S-Clinica is a trusted provider of clinical trial management systems (CTMS) for complex clinical trials, including expedite integrated response technology (IRT) support for Covid-19 clinical trials.
We offer clinical supply forecasting, cost and risk optimisation, interactive web response systems (IWRS), clinical supply management, drug return and destruction, and data transfer and integration services in a single platform.
Custom-designed clinical trial management services
Over the last 24 years, S-Clinica has provided fully integrated and customisable solutions for more than 900 successful clinical studies in 116 countries. Many biotechnology, pharmaceutical and contract research organisation (CRO) companies have chosen us as their preferred IRT or IWRS vendor.
We pay full attention to the use of innovative, science-based technology solutions for more complex trials and proactive project management.
Anticipatory clinical trial management services
S-Clinica’s ClinVision is a cutting-edge CTMS that allows companies to plan their activities and allocate resources in advance. The platform allows you to forecast clinical supplies, optimise costs and risks, manage clinical supplies, and transfer and integrate data among other options.
The clinical supply forecasting module helps you estimate demand for supplies, even from the first study concept stage when there is minimal information available. This allows you to identify the best supply strategy and prepare adequate production and distribution.
ClinVision helps you control costs by anticipating and mitigating risks. The platform analyses potential pitfalls, protocol design and the impacts that any changes to study assumptions will have on results.
Real-time analysis of clinical trial data
The ClinVision solution from S-Clinica lets you harness real-time data from your clinical trial using the built-in, fully flexible IRT system, which can be implemented within short timelines.

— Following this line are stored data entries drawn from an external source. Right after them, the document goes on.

(* The continued fraction \[ 80-\cfrac{64}{17+\cfrac{3^4}{32+\cfrac{5^4}{48+\cfrac{7^4}{64+\cdots}}}}, \] i.e. with $a(0)=80$, $a(1)=17$, $a(n)=16n$ for $n\ge2$, $b(0)=-64$, $b(n)=(2n+1)^4$ for $n\ge1$, converges to $\left(\Gamma(1/4)/\Gamma(3/4)\right)^4$.
   Context: The value of the continued fraction with partial denominators $a(n)$ and partial numerators $b(n)$ is $a(0)+\cfrac{b(0)}{a(1)+\cfrac{b(1)}{a(2)+\cdots}}$. *)

theory Defs
  imports "HOL-Analysis.Analysis"
begin

fun cf_tail :: "(nat \<Rightarrow> real) \<Rightarrow> (nat \<Rightarrow> real) \<Rightarrow> nat \<Rightarrow> nat \<Rightarrow> real" where
  "cf_tail a b 0 k = a k"
| "cf_tail a b (Suc m) k = a k + b k / cf_tail a b m (Suc k)"

definition cf_convergent :: "(nat \<Rightarrow> real) \<Rightarrow> (nat \<Rightarrow> real) \<Rightarrow> nat \<Rightarrow> real" where
  "cf_convergent a b n = cf_tail a b n 0"

definition cf_converges_to :: "(nat \<Rightarrow> real) \<Rightarrow> (nat \<Rightarrow> real) \<Rightarrow> real \<Rightarrow> bool" where
  "cf_converges_to a b L \<longleftrightarrow> (cf_convergent a b \<longlonglongrightarrow> L)"

definition cfA :: "nat \<Rightarrow> real" where
  "cfA n = (if n = 0 then 80 else if n = 1 then 17 else 16 * real n)"

definition cfB :: "nat \<Rightarrow> real" where
  "cfB n = (if n = 0 then -64 else (2 * real n + 1) ^ 4)"

end

theory Submission
  imports Defs "HOL-Real_Asymp.Real_Asymp" "HOL-Probability.Characteristic_Functions"
begin

text \<open>
  The numerators and denominators of the convergents obey Wallis' recurrences, and for this
  fraction they can be solved in closed form: up to factors that cancel in the quotient, the
  convergents of index \<open>2m\<close> and \<open>2m + 1\<close> are \<open>16 (3/4)\<^sub>m\<^sup>4 / (5/4)\<^sub>m\<^sup>4\<close> times a
  rational function of \<open>m\<close> growing like \<open>16 m\<^sup>2\<close>. Euler's limit formula for \<open>\<Gamma>\<close> gives
  \<open>(3/4)\<^sub>m / (5/4)\<^sub>m \<sim> \<Gamma>(5/4) / (\<Gamma>(3/4) \<surd>m)\<close>, so both subsequences tend to
  \<open>256 (\<Gamma>(5/4) / \<Gamma>(3/4))\<^sup>4 = (\<Gamma>(1/4) / \<Gamma>(3/4))\<^sup>4\<close>.
\<close>

fun cf_num :: "(nat \<Rightarrow> real) \<Rightarrow> (nat \<Rightarrow> real) \<Rightarrow> nat \<Rightarrow> real" where
  "cf_num a b 0 = a 0"
| "cf_num a b (Suc 0) = a 1 * a 0 + b 0"
| "cf_num a b (Suc (Suc n)) = a (Suc (Suc n)) * cf_num a b (Suc n) + b (Suc n) * cf_num a b n"

fun cf_den :: "(nat \<Rightarrow> real) \<Rightarrow> (nat \<Rightarrow> real) \<Rightarrow> nat \<Rightarrow> real" where
  "cf_den a b 0 = 1"
| "cf_den a b (Suc 0) = a 1"
| "cf_den a b (Suc (Suc n)) = a (Suc (Suc n)) * cf_den a b (Suc n) + b (Suc n) * cf_den a b n"

fun cf_tail_with :: "(nat \<Rightarrow> real) \<Rightarrow> (nat \<Rightarrow> real) \<Rightarrow> nat \<Rightarrow> nat \<Rightarrow> real \<Rightarrow> real" where
  "cf_tail_with a b 0 k x = x"
| "cf_tail_with a b (Suc m) k x = a k + b k / cf_tail_with a b m (Suc k) x"

lemma cf_tail_eq_cf_tail_with: "cf_tail a b m k = cf_tail_with a b m k (a (k + m))"
  by (induction m arbitrary: k) simp_all

lemma cf_tail_with_Suc:
  "cf_tail_with a b (Suc m) k x = cf_tail_with a b m k (a (k + m) + b (k + m) / x)"
  by (induction m arbitrary: k) simp_all

lemma cf_tail_with_eq_num_den:
  assumes a_pos: "\<And>k. k \<ge> 1 \<Longrightarrow> a k > 0" and b_nonneg: "\<And>k. k \<ge> 1 \<Longrightarrow> b k \<ge> 0"
    and "x > 0"
  shows "cf_tail_with a b (Suc (Suc n)) 0 x =
    (cf_num a b (Suc n) * x + b (Suc n) * cf_num a b n) /
    (cf_den a b (Suc n) * x + b (Suc n) * cf_den a b n)"
  using \<open>x > 0\<close>
proof (induction n arbitrary: x)
  case 0
  have "a 1 * x + b 1 > 0"
    using 0 a_pos[of 1] b_nonneg[of 1] by (simp add: add_pos_nonneg)
  with 0 show ?case
    by (simp add: field_simps)
next
  case (Suc n)
  define y where "y = a (Suc (Suc n)) + b (Suc (Suc n)) / x"
  have "y > 0"
    using Suc.prems a_pos[of "Suc (Suc n)"] b_nonneg[of "Suc (Suc n)"]
    by (simp add: y_def add_pos_nonneg)
  have num: "cf_num a b (Suc n) * y + b (Suc n) * cf_num a b n =
      (cf_num a b (Suc (Suc n)) * x + b (Suc (Suc n)) * cf_num a b (Suc n)) / x"
    and den: "cf_den a b (Suc n) * y + b (Suc n) * cf_den a b n =
      (cf_den a b (Suc (Suc n)) * x + b (Suc (Suc n)) * cf_den a b (Suc n)) / x"
    using Suc.prems by (simp_all add: y_def field_simps)
  have "cf_tail_with a b (Suc (Suc (Suc n))) 0 x = cf_tail_with a b (Suc (Suc n)) 0 y"
    by (subst cf_tail_with_Suc) (simp add: y_def)
  also have "\<dots> = (cf_num a b (Suc n) * y + b (Suc n) * cf_num a b n) /
      (cf_den a b (Suc n) * y + b (Suc n) * cf_den a b n)"
    using Suc.IH[OF \<open>y > 0\<close>] .
  finally show ?case
    unfolding num den using Suc.prems by simp
qed

lemma cf_convergent_eq_num_div_den:
  assumes a_pos: "\<And>k. k \<ge> 1 \<Longrightarrow> a k > 0" and b_nonneg: "\<And>k. k \<ge> 1 \<Longrightarrow> b k \<ge> 0"
  shows "cf_convergent a b n = cf_num a b n / cf_den a b n"
proof -
  consider "n = 0" | "n = 1" | m where "n = Suc (Suc m)"
    by (metis One_nat_def not0_implies_Suc)
  then show ?thesis
  proof cases
    case 2
    then show ?thesis
      using a_pos[of 1] by (simp add: cf_convergent_def field_simps)
  next
    case 3
    have "cf_convergent a b n = cf_tail_with a b (Suc (Suc m)) 0 (a (Suc (Suc m)))"
      unfolding cf_convergent_def cf_tail_eq_cf_tail_with 3 by (simp only: add_0)
    also have "\<dots> = cf_num a b n / cf_den a b n"
      using a_pos[of "Suc (Suc m)"]
      by (simp only: cf_tail_with_eq_num_den[OF assms] 3 cf_num.simps cf_den.simps mult.commute)
    finally show ?thesis .
  qed (simp add: cf_convergent_def)
qed

lemma quarter_pochhammer_Suc_power4:
  "(4 ^ Suc m * pochhammer (c / 4) (Suc m)) ^ 4 = (4 ^ m * pochhammer (c / 4) m) ^ 4 * (4 * real m + c) ^ 4"
proof -
  have "4 ^ Suc m * pochhammer (c / 4) (Suc m) = 4 ^ m * pochhammer (c / 4) m * (4 * real m + c)"
    by (simp add: pochhammer_Suc algebra_simps)
  then show ?thesis
    by (simp only: power_mult_distrib)
qed

text \<open>Here \<open>4 ^ m * pochhammer (c / 4) m = (\<Prod>j<m. 4 * j + c)\<close>.\<close>

definition cfAB_num :: "nat \<Rightarrow> real" where
  "cfAB_num n = 16 * (4 ^ (n div 2) * pochhammer (3 / 4) (n div 2)) ^ 4 *
    (if even n then (2 * real n + 2) ^ 2 + 1 else (2 * real n + 1) ^ 4)"

definition cfAB_den :: "nat \<Rightarrow> real" where
  "cfAB_den n = (4 ^ (n div 2) * pochhammer (5 / 4) (n div 2)) ^ 4 *
    (if even n then 1 else (2 * real n + 2) ^ 2 + 1)"

lemma cfAB_num_even:
  "cfAB_num (2 * m) = 16 * (4 ^ m * pochhammer (3 / 4) m) ^ 4 * ((4 * real m + 2) ^ 2 + 1)"
  by (simp add: cfAB_num_def)

lemma cfAB_num_odd:
  "cfAB_num (2 * m + 1) = 16 * (4 ^ m * pochhammer (3 / 4) m) ^ 4 * (4 * real m + 3) ^ 4"
  by (simp add: cfAB_num_def algebra_simps)

lemma cfAB_den_even: "cfAB_den (2 * m) = (4 ^ m * pochhammer (5 / 4) m) ^ 4"
  by (simp add: cfAB_den_def)

lemma cfAB_den_odd:
  "cfAB_den (2 * m + 1) = (4 ^ m * pochhammer (5 / 4) m) ^ 4 * ((4 * real m + 4) ^ 2 + 1)"
  by (simp add: cfAB_den_def algebra_simps)

lemma cfAB_num_rec:
  "cfAB_num (Suc (Suc n)) = cfA (Suc (Suc n)) * cfAB_num (Suc n) + cfB (Suc n) * cfAB_num n"
proof (cases "even n")
  case True
  then obtain m where n: "n = 2 * m" by (auto elim: evenE)
  define P where "P = (4 ^ m * pochhammer (3 / 4 :: real) m) ^ 4"
  have "cfAB_num (Suc (Suc n)) = 16 * (P * (4 * real m + 3) ^ 4) * ((4 * real (Suc m) + 2) ^ 2 + 1)"
    using cfAB_num_even[of "Suc m"] quarter_pochhammer_Suc_power4[of m 3]
    by (simp add: n P_def)
  moreover have "cfAB_num (Suc n) = 16 * P * (4 * real m + 3) ^ 4"
    using cfAB_num_odd[of m] by (simp add: n P_def)
  moreover have "cfAB_num n = 16 * P * ((4 * real m + 2) ^ 2 + 1)"
    using cfAB_num_even[of m] by (simp add: n P_def)
  moreover have "cfA (Suc (Suc n)) = 32 * (real m + 1)" "cfB (Suc n) = (4 * real m + 3) ^ 4"
    by (simp_all add: n cfA_def cfB_def algebra_simps)
  moreover have "(4 * real (Suc m) + 2) ^ 2 + 1 = 32 * (real m + 1) + ((4 * real m + 2) ^ 2 + 1)"
    unfolding of_nat_Suc by algebra
  ultimately show ?thesis
    by algebra
next
  case False
  then obtain m where n: "n = 2 * m + 1" by (auto elim: oddE)
  define P where "P = (4 ^ m * pochhammer (3 / 4 :: real) m) ^ 4 * (4 * real m + 3) ^ 4"
  have "cfAB_num (Suc (Suc n)) = 16 * P * (4 * real (Suc m) + 3) ^ 4"
    using cfAB_num_odd[of "Suc m"] quarter_pochhammer_Suc_power4[of m 3]
    by (simp add: n P_def)
  moreover have "cfAB_num (Suc n) = 16 * P * ((4 * real (Suc m) + 2) ^ 2 + 1)"
    using cfAB_num_even[of "Suc m"] quarter_pochhammer_Suc_power4[of m 3]
    by (simp add: n P_def)
  moreover have "cfAB_num n = 16 * P"
    using cfAB_num_odd[of m] by (simp add: n P_def)
  moreover have "cfA (Suc (Suc n)) = 16 * (2 * real m + 3)" "cfB (Suc n) = (4 * real m + 5) ^ 4"
    by (simp_all add: n cfA_def cfB_def algebra_simps)
  moreover have "(4 * real (Suc m) + 3) ^ 4 =
      16 * (2 * real m + 3) * ((4 * real (Suc m) + 2) ^ 2 + 1) + (4 * real m + 5) ^ 4"
    unfolding of_nat_Suc by algebra
  ultimately show ?thesis
    by algebra
qed

lemma cfAB_den_rec:
  "cfAB_den (Suc (Suc n)) = cfA (Suc (Suc n)) * cfAB_den (Suc n) + cfB (Suc n) * cfAB_den n"
proof (cases "even n")
  case True
  then obtain m where n: "n = 2 * m" by (auto elim: evenE)
  define Q where "Q = (4 ^ m * pochhammer (5 / 4 :: real) m) ^ 4"
  have "cfAB_den (Suc (Suc n)) = Q * (4 * real m + 5) ^ 4"
    using cfAB_den_even[of "Suc m"] quarter_pochhammer_Suc_power4[of m 5]
    by (simp add: n Q_def)
  moreover have "cfAB_den (Suc n) = Q * ((4 * real m + 4) ^ 2 + 1)"
    using cfAB_den_odd[of m] by (simp add: n Q_def)
  moreover have "cfAB_den n = Q"
    using cfAB_den_even[of m] by (simp add: n Q_def)
  moreover have "cfA (Suc (Suc n)) = 32 * (real m + 1)" "cfB (Suc n) = (4 * real m + 3) ^ 4"
    by (simp_all add: n cfA_def cfB_def algebra_simps)
  ultimately show ?thesis
    by algebra
next
  case False
  then obtain m where n: "n = 2 * m + 1" by (auto elim: oddE)
  define Q where "Q = (4 ^ m * pochhammer (5 / 4 :: real) m) ^ 4"
  have "cfAB_den (Suc (Suc n)) = Q * (4 * real m + 5) ^ 4 * ((4 * real (Suc m) + 4) ^ 2 + 1)"
    using cfAB_den_odd[of "Suc m"] quarter_pochhammer_Suc_power4[of m 5]
    by (simp add: n Q_def)
  moreover have "cfAB_den (Suc n) = Q * (4 * real m + 5) ^ 4"
    using cfAB_den_even[of "Suc m"] quarter_pochhammer_Suc_power4[of m 5]
    by (simp add: n Q_def)
  moreover have "cfAB_den n = Q * ((4 * real m + 4) ^ 2 + 1)"
    using cfAB_den_odd[of m] by (simp add: n Q_def)
  moreover have "cfA (Suc (Suc n)) = 16 * (2 * real m + 3)" "cfB (Suc n) = (4 * real m + 5) ^ 4"
    by (simp_all add: n cfA_def cfB_def algebra_simps)
  moreover have "(4 * real (Suc m) + 4) ^ 2 + 1 = 16 * (2 * real m + 3) + ((4 * real m + 4) ^ 2 + 1)"
    unfolding of_nat_Suc by algebra
  ultimately show ?thesis
    by algebra
qed

lemma cf_num_cfA_cfB: "cf_num cfA cfB n = cfAB_num n"
proof (induction n rule: induct_nat_012)
  case (ge2 n)
  then show ?case
    by (simp add: cfAB_num_rec)
qed (simp_all add: cfAB_num_def cfA_def cfB_def)

lemma cf_den_cfA_cfB: "cf_den cfA cfB n = cfAB_den n"
proof (induction n rule: induct_nat_012)
  case (ge2 n)
  then show ?case
    by (simp add: cfAB_den_rec)
qed (simp_all add: cfAB_den_def cfA_def cfB_def)

lemma cf_convergent_cfA_cfB: "cf_convergent cfA cfB n = cfAB_num n / cfAB_den n"
  by (simp add: cf_convergent_eq_num_div_den cf_num_cfA_cfB cf_den_cfA_cfB cfA_def cfB_def)

lemma pochhammer_ratio_tendsto:
  fixes a b :: real
  assumes "a > 0" "b > 0"
  shows "(\<lambda>n. pochhammer a n / pochhammer b n * real n powr (b - a)) \<longlonglongrightarrow> Gamma b / Gamma a"
proof -
  have "(\<lambda>n. Gamma_series' b n / Gamma_series' a n) \<longlonglongrightarrow> Gamma b / Gamma a"
    using Gamma_real_pos[OF assms(1)] by (intro tendsto_intros Gamma_series'_LIMSEQ) simp
  moreover have "\<forall>\<^sub>F n in sequentially. Gamma_series' b n / Gamma_series' a n =
      pochhammer a n / pochhammer b n * real n powr (b - a)"
    using eventually_gt_at_top[of 0]
  proof eventually_elim
    case (elim n)
    have "pochhammer a n > 0" "pochhammer b n > 0"
      using assms by (simp_all add: pochhammer_pos)
    with elim show ?case
      by (simp add: Gamma_series'_def powr_def exp_diff field_simps)
  qed
  ultimately show ?thesis
    by (rule Lim_transform_eventually)
qed

lemma quarter_pochhammer_ratio_limit:
  assumes "(\<lambda>m. g m / (real m) ^ 2) \<longlonglongrightarrow> 16"
  shows "(\<lambda>m. 16 * (pochhammer (3 / 4) m / pochhammer (5 / 4) m) ^ 4 * g m)
    \<longlonglongrightarrow> 256 * (Gamma (5 / 4) / Gamma (3 / 4)) ^ 4"
proof -
  have "(\<lambda>m. pochhammer (3 / 4) m / pochhammer (5 / 4) m * real m powr (1 / 2))
      \<longlonglongrightarrow> Gamma (5 / 4) / Gamma (3 / 4 :: real)"
    using pochhammer_ratio_tendsto[of "3 / 4" "5 / 4"] by simp
  then have "(\<lambda>m. 16 * (pochhammer (3 / 4) m / pochhammer (5 / 4) m * real m powr (1 / 2)) ^ 4 *
      (g m / (real m) ^ 2)) \<longlonglongrightarrow> 16 * (Gamma (5 / 4) / Gamma (3 / 4)) ^ 4 * 16"
    by (intro tendsto_intros assms)
  moreover have "\<forall>\<^sub>F m in sequentially.
      16 * (pochhammer (3 / 4) m / pochhammer (5 / 4) m * real m powr (1 / 2)) ^ 4 * (g m / (real m) ^ 2) =
      16 * (pochhammer (3 / 4) m / pochhammer (5 / 4) m) ^ 4 * g m"
    using eventually_gt_at_top[of 0]
  proof eventually_elim
    case (elim m)
    have "(real m powr (1 / 2)) ^ 4 = (real m) ^ 2"
      using elim by (simp add: powr_power powr_numeral)
    with elim show ?case
      by (simp add: power_mult_distrib power_divide)
  qed
  ultimately show ?thesis
    by (auto intro: Lim_transform_eventually)
qed

lemma cf_convergent_cfA_cfB_even:
  "cf_convergent cfA cfB (2 * m) =
    16 * (pochhammer (3 / 4) m / pochhammer (5 / 4) m) ^ 4 * ((4 * real m + 2) ^ 2 + 1)"
  by (simp add: cf_convergent_cfA_cfB cfAB_num_even cfAB_den_even power_mult_distrib power_divide)

lemma cf_convergent_cfA_cfB_odd:
  "cf_convergent cfA cfB (2 * m + 1) =
    16 * (pochhammer (3 / 4) m / pochhammer (5 / 4) m) ^ 4 * ((4 * real m + 3) ^ 4 / ((4 * real m + 4) ^ 2 + 1))"
  unfolding cf_convergent_cfA_cfB cfAB_num_odd cfAB_den_odd
  by (simp add: power_mult_distrib power_divide)

lemma Gamma_quarter_eq: "Gamma (1 / 4 :: real) = 4 * Gamma (5 / 4)"
proof -
  have "Gamma (5 / 4 :: real) = Gamma (1 / 4 + 1)"
    by simp
  also have "\<dots> = 1 / 4 * Gamma (1 / 4)"
    by (subst Gamma_plus1) auto
  finally show ?thesis
    by simp
qed

theorem mainTheorem2:
  shows "cf_converges_to cfA cfB ((Gamma (1/4) / Gamma (3/4)) ^ 4)"
proof -
  have "(\<lambda>m. cf_convergent cfA cfB (2 * m)) \<longlonglongrightarrow> 256 * (Gamma (5 / 4) / Gamma (3 / 4)) ^ 4"
    unfolding cf_convergent_cfA_cfB_even by (rule quarter_pochhammer_ratio_limit) real_asymp
  moreover have "(\<lambda>m. cf_convergent cfA cfB (2 * m + 1)) \<longlonglongrightarrow> 256 * (Gamma (5 / 4) / Gamma (3 / 4)) ^ 4"
    unfolding cf_convergent_cfA_cfB_odd by (rule quarter_pochhammer_ratio_limit) real_asymp
  ultimately show ?thesis
    unfolding cf_converges_to_def Gamma_quarter_eq by (simp add: limseq_even_odd power_divide power_mult_distrib)
qed

end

Users can anticipate coming trends by analysing the impact of changes, update distribution plans for medical kits and develop any subsequent production campaigns. ClinVision also features an intelligent and proactive alerts system to improve your trial’s project management.
Rapid adaptation to trial supply or protocol changes
S-Clinica lets you review any impacts on production planning and costs with ClinVision, even with low recruitment or high screen failure rates. Possible amendments to protocol, supply management changes and potential delays to production can all be evaluated in safe mode without adjustments to the production process.
Trial parameters can be altered and updated easily at any stage, with new study data delivered within an hour.
Founded in 1997, S-Clinica is committed to making each clinical trial a success. For more than 20 years, we have used a dynamic range of scientifically proven practices to deliver fully integrated and customisable solutions.
We offer immediate client support and pay close attention to each project throughout its lifecycle to develop long-term relationships with each client and its team.
We remain the preferred partner of our very first client, a top-tier pharmaceutical and biotechnology company with whom we have been working successfully for many years.